— Problem requirements —
Range to output from the entries below: the line containing "indep X Y Z \<longrightarrow>" through the line containing "such an edge is". Set it down exactly, ends included, nothing else.

===== The records =====

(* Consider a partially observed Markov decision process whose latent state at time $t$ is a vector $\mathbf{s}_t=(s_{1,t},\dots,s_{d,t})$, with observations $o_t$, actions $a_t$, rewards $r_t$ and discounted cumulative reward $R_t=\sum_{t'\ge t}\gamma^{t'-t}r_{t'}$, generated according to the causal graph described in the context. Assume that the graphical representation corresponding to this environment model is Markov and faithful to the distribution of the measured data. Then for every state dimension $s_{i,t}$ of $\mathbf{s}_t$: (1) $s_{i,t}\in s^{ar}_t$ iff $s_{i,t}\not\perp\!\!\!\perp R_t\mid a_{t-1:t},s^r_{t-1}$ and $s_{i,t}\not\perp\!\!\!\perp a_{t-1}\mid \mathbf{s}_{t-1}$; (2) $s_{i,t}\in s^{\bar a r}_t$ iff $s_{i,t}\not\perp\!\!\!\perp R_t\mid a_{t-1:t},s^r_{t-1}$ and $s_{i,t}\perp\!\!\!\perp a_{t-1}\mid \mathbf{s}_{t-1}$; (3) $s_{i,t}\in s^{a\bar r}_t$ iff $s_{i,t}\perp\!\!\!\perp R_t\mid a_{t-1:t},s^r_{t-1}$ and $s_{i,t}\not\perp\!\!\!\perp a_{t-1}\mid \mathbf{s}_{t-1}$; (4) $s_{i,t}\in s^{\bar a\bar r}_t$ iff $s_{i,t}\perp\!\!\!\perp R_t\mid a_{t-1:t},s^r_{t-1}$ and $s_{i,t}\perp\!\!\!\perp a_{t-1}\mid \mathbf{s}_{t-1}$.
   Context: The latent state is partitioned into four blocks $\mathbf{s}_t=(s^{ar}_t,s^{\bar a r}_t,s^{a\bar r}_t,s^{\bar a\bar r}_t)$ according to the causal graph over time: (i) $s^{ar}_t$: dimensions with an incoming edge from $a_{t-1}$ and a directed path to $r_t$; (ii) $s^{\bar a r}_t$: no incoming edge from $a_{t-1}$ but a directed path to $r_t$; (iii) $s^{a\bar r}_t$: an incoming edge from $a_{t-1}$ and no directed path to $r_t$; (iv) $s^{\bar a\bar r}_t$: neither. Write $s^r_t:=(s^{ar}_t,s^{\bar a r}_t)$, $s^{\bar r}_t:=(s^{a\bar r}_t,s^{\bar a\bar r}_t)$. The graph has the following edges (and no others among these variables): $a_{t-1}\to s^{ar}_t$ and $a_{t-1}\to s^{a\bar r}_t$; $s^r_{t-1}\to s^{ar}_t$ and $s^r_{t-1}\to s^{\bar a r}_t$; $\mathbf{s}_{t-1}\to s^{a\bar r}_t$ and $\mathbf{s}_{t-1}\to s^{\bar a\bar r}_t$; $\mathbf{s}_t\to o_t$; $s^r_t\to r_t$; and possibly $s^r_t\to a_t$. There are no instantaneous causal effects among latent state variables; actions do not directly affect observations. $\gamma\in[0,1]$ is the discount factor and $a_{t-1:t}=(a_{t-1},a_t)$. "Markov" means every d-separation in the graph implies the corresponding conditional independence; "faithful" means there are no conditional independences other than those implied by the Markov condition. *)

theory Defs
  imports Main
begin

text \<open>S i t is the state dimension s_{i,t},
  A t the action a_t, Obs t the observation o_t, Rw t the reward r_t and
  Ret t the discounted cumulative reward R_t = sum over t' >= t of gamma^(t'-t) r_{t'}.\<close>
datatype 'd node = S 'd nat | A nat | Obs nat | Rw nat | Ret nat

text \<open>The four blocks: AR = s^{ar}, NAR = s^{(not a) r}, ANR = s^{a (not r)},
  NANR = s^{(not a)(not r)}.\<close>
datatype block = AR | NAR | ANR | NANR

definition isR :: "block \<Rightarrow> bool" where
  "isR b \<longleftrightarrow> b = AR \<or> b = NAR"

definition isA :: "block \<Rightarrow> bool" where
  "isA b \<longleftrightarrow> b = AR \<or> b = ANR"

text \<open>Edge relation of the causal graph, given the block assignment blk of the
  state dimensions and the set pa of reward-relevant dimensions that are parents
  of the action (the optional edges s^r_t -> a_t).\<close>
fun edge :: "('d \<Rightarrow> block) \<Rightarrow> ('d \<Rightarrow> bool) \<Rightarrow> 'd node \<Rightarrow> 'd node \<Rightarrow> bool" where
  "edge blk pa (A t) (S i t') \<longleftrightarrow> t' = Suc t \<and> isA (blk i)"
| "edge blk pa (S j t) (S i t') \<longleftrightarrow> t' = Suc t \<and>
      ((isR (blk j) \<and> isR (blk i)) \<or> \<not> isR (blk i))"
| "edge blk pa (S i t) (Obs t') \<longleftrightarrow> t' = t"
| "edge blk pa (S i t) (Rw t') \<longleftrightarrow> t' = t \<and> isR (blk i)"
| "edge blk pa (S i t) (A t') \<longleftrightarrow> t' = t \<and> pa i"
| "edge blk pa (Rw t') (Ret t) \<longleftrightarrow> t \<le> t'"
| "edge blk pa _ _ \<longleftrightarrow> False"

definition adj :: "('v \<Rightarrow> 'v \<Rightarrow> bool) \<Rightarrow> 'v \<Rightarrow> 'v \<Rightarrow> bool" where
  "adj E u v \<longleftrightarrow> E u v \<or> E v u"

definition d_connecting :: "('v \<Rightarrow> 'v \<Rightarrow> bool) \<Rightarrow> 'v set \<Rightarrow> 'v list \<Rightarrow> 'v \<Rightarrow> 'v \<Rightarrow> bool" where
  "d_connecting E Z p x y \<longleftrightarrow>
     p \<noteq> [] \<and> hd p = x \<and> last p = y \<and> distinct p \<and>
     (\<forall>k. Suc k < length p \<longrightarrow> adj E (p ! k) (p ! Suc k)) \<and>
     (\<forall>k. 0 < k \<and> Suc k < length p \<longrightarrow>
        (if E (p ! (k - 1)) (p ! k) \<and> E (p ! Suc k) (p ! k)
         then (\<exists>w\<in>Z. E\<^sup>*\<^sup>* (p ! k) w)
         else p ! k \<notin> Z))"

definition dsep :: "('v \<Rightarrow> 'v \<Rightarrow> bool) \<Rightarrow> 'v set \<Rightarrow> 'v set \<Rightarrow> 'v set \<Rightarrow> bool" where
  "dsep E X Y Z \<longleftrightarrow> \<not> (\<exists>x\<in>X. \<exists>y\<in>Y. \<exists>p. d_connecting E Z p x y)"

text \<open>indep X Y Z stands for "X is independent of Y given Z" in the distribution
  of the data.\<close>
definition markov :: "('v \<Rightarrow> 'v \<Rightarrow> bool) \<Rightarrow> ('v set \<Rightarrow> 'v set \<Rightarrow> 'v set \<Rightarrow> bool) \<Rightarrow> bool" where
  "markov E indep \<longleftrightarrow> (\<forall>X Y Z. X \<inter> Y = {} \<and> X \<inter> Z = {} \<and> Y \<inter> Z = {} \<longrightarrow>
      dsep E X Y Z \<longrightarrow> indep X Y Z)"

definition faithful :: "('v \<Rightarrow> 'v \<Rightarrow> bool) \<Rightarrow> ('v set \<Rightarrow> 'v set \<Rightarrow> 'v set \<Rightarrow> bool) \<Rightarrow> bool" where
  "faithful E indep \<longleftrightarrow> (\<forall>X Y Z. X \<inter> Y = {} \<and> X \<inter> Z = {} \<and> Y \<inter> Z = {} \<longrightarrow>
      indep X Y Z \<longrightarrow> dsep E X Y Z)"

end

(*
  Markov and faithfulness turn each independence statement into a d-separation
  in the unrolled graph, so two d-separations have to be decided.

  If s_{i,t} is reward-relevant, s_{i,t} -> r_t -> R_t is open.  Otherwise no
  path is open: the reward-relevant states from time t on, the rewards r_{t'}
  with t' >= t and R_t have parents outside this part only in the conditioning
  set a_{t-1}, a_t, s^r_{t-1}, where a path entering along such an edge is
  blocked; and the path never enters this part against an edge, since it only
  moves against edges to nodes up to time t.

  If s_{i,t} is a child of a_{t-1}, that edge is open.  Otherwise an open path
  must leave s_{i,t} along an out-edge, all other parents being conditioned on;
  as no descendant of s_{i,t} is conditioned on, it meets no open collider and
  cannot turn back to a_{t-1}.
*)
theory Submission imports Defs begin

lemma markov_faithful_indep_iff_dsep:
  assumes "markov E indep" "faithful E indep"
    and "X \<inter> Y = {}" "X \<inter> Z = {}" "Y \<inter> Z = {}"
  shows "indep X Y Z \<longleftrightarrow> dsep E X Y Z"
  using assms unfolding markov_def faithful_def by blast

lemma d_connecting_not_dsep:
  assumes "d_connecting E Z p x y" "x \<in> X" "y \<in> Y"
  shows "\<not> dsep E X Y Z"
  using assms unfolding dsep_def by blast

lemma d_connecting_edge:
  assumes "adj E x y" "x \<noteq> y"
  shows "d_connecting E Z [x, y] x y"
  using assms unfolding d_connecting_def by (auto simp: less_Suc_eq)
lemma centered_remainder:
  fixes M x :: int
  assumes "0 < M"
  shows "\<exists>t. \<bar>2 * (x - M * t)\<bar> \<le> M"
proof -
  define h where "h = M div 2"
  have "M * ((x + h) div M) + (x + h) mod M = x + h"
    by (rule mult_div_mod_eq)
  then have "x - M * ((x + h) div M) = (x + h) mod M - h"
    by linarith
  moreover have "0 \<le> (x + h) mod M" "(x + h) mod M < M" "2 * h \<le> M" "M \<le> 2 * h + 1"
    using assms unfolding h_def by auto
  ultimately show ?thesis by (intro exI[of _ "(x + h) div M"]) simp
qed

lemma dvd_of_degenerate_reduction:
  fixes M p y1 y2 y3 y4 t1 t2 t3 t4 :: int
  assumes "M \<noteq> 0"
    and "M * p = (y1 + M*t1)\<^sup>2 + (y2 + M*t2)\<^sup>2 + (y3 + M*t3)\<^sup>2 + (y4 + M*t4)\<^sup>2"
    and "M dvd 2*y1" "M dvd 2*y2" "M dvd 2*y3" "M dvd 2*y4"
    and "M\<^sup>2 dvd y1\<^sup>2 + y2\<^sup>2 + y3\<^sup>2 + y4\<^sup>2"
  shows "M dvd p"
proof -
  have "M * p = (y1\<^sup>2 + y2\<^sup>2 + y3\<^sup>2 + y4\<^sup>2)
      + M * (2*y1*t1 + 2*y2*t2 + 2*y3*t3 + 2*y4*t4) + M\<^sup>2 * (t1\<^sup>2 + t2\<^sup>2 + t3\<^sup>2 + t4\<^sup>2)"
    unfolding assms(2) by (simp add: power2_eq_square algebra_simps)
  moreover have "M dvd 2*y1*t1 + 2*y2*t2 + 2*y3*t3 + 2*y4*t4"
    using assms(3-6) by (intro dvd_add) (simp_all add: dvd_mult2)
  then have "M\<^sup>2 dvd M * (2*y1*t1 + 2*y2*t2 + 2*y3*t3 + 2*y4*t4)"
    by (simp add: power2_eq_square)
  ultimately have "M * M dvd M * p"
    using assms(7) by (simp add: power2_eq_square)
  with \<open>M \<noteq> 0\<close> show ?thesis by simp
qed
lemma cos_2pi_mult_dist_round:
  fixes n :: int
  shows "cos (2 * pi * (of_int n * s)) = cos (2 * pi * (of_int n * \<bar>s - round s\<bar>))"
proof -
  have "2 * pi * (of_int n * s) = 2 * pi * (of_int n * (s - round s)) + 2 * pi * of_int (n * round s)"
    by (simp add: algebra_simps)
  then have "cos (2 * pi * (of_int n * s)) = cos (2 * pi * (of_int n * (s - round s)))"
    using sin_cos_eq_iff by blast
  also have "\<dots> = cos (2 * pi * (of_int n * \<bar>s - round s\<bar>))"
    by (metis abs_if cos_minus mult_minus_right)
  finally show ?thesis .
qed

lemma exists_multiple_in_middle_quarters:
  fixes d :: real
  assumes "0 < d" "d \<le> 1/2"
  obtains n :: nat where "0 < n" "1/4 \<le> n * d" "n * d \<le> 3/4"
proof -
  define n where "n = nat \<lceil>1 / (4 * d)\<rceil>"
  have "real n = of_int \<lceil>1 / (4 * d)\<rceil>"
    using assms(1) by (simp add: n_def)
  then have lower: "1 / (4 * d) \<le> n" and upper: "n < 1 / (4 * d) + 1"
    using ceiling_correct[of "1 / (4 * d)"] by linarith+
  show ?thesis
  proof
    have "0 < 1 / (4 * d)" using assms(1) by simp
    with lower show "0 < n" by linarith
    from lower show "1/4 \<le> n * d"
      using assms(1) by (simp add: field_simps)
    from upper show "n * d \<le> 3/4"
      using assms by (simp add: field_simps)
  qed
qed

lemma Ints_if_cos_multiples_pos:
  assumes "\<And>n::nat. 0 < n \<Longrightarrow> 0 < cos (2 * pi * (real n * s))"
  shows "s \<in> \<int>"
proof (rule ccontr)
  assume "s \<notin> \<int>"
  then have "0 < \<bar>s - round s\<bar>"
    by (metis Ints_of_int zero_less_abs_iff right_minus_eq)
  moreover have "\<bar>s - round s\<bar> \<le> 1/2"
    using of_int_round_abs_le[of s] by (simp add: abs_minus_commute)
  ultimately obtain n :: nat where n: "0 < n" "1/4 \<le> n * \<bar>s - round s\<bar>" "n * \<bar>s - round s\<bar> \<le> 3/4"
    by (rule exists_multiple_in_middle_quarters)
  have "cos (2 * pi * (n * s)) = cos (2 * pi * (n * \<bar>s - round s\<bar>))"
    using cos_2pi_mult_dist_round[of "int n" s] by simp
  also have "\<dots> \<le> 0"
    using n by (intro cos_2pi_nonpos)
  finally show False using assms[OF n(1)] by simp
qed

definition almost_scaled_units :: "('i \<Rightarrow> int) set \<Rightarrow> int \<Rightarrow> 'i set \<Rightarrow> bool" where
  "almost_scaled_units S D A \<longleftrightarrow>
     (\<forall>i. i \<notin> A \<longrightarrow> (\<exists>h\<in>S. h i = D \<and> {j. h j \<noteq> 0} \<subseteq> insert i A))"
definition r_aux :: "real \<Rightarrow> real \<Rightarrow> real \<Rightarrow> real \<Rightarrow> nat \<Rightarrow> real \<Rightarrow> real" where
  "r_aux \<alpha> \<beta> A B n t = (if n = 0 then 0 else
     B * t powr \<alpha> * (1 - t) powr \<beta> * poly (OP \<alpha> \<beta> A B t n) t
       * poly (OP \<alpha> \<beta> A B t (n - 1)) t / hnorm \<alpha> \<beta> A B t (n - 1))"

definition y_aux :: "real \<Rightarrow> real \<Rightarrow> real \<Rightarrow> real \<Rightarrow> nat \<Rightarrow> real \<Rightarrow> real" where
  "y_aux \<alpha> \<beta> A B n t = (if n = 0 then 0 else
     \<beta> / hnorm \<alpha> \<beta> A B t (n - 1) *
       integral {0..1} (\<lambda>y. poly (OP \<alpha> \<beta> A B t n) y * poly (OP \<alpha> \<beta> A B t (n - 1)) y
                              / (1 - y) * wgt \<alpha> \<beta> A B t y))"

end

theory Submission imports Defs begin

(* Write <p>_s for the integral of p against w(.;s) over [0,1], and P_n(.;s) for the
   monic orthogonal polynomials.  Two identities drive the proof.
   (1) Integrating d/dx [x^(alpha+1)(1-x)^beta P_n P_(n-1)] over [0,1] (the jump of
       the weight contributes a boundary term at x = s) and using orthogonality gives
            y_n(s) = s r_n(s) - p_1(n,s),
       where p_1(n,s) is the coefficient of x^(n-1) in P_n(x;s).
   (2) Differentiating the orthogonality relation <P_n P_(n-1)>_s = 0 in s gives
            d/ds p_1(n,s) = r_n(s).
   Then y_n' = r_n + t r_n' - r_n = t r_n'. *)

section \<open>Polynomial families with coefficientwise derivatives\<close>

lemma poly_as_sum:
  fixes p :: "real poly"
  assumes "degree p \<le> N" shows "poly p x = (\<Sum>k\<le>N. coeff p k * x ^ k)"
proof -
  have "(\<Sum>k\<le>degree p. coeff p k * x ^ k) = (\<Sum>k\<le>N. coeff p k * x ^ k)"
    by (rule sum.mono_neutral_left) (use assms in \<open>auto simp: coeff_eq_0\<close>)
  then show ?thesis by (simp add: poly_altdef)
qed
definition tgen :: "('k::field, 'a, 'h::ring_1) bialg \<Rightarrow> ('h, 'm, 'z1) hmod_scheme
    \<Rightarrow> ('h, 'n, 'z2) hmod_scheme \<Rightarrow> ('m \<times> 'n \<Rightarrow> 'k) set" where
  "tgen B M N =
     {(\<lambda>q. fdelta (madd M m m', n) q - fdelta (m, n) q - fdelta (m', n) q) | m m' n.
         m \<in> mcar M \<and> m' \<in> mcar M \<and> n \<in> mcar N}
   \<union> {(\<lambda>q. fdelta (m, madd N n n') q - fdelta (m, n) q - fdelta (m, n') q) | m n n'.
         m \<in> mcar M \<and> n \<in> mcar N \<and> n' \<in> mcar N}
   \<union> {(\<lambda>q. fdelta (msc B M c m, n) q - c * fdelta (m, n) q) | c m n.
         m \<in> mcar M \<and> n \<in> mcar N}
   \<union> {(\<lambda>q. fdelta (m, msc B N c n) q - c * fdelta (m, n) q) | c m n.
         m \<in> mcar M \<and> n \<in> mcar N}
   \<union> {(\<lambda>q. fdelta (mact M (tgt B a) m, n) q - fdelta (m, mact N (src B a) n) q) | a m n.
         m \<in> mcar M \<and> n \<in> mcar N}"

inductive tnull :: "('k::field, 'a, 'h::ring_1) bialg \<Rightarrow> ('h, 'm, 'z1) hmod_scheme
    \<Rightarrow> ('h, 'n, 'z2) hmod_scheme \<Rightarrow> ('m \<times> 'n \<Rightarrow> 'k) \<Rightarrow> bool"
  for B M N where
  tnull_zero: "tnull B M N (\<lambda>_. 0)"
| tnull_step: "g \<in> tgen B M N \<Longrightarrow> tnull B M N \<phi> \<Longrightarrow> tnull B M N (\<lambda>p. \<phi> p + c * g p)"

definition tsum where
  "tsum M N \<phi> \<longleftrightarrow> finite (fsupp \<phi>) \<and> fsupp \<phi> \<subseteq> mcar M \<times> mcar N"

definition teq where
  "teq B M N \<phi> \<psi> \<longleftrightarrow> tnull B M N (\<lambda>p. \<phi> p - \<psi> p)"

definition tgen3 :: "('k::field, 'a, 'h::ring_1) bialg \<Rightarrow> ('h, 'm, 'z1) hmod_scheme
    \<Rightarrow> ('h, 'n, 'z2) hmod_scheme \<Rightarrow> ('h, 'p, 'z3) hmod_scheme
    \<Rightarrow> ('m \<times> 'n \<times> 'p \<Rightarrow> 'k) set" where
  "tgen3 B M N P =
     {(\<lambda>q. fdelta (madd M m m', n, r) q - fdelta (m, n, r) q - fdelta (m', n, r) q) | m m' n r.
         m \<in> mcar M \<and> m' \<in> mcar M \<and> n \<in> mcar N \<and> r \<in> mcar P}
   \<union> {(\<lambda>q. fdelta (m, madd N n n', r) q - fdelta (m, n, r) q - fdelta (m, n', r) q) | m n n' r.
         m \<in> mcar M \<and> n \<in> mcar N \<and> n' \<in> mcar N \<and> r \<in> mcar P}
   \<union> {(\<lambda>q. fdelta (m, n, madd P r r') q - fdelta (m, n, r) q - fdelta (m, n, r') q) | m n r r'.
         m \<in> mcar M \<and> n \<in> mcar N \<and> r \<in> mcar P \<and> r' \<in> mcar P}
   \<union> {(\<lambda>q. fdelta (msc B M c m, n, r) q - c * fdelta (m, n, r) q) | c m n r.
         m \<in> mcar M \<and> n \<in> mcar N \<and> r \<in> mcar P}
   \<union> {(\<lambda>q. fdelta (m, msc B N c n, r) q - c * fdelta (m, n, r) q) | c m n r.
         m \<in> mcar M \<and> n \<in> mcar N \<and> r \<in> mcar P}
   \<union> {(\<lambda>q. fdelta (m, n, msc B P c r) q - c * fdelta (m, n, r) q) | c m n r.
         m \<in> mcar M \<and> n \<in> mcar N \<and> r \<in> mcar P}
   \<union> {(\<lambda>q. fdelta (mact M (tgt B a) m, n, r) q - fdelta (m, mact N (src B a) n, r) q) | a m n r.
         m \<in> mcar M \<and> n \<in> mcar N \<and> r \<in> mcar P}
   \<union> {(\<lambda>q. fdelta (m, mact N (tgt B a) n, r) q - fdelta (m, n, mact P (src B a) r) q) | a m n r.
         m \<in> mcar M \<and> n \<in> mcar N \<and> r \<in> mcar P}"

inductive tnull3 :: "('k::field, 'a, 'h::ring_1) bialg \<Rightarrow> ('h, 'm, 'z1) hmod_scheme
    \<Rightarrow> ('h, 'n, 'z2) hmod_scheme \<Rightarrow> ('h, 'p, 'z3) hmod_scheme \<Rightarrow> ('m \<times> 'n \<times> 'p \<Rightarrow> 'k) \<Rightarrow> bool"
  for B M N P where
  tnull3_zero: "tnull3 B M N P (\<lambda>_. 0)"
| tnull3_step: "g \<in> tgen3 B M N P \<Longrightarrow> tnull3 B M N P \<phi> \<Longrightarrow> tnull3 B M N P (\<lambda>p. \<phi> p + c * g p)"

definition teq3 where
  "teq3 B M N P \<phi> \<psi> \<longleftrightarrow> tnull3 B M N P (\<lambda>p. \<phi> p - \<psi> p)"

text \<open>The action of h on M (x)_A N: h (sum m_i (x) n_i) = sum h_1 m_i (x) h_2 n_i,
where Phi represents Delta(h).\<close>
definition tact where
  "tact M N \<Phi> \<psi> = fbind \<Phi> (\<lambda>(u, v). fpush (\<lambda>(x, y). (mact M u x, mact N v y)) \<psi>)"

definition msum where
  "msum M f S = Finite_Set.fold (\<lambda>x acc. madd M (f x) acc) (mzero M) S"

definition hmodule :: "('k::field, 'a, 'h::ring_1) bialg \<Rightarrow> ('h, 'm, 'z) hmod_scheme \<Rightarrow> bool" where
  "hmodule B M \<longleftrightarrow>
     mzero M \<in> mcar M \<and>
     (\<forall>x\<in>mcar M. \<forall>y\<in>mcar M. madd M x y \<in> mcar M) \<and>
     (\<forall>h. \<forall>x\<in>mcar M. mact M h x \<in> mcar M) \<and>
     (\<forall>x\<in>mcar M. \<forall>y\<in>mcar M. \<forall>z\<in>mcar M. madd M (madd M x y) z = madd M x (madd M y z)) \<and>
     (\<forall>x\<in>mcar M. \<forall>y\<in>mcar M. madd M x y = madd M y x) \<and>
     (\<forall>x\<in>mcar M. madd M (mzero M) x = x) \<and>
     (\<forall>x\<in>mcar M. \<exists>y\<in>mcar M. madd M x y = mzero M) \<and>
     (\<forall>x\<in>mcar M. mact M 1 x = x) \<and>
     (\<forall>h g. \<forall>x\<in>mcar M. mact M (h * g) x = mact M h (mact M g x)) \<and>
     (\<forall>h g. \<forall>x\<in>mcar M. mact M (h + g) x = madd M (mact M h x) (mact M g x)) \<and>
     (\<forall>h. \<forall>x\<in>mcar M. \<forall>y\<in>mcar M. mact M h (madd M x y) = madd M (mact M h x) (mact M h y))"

=====

— Task solution —
      indep X Y Z \<longrightarrow> dsep E X Y Z)"

end

(*
  Markov and faithfulness turn each independence statement into a d-separation
  in the unrolled graph, so two d-separations have to be decided.

  If s_{i,t} is reward-relevant, s_{i,t} -> r_t -> R_t is open.  Otherwise no
  path is open: the reward-relevant states from time t on, the rewards r_{t'}
  with t' >= t and R_t have parents outside this part only in the conditioning
  set a_{t-1}, a_t, s^r_{t-1}, where a path entering along such an edge is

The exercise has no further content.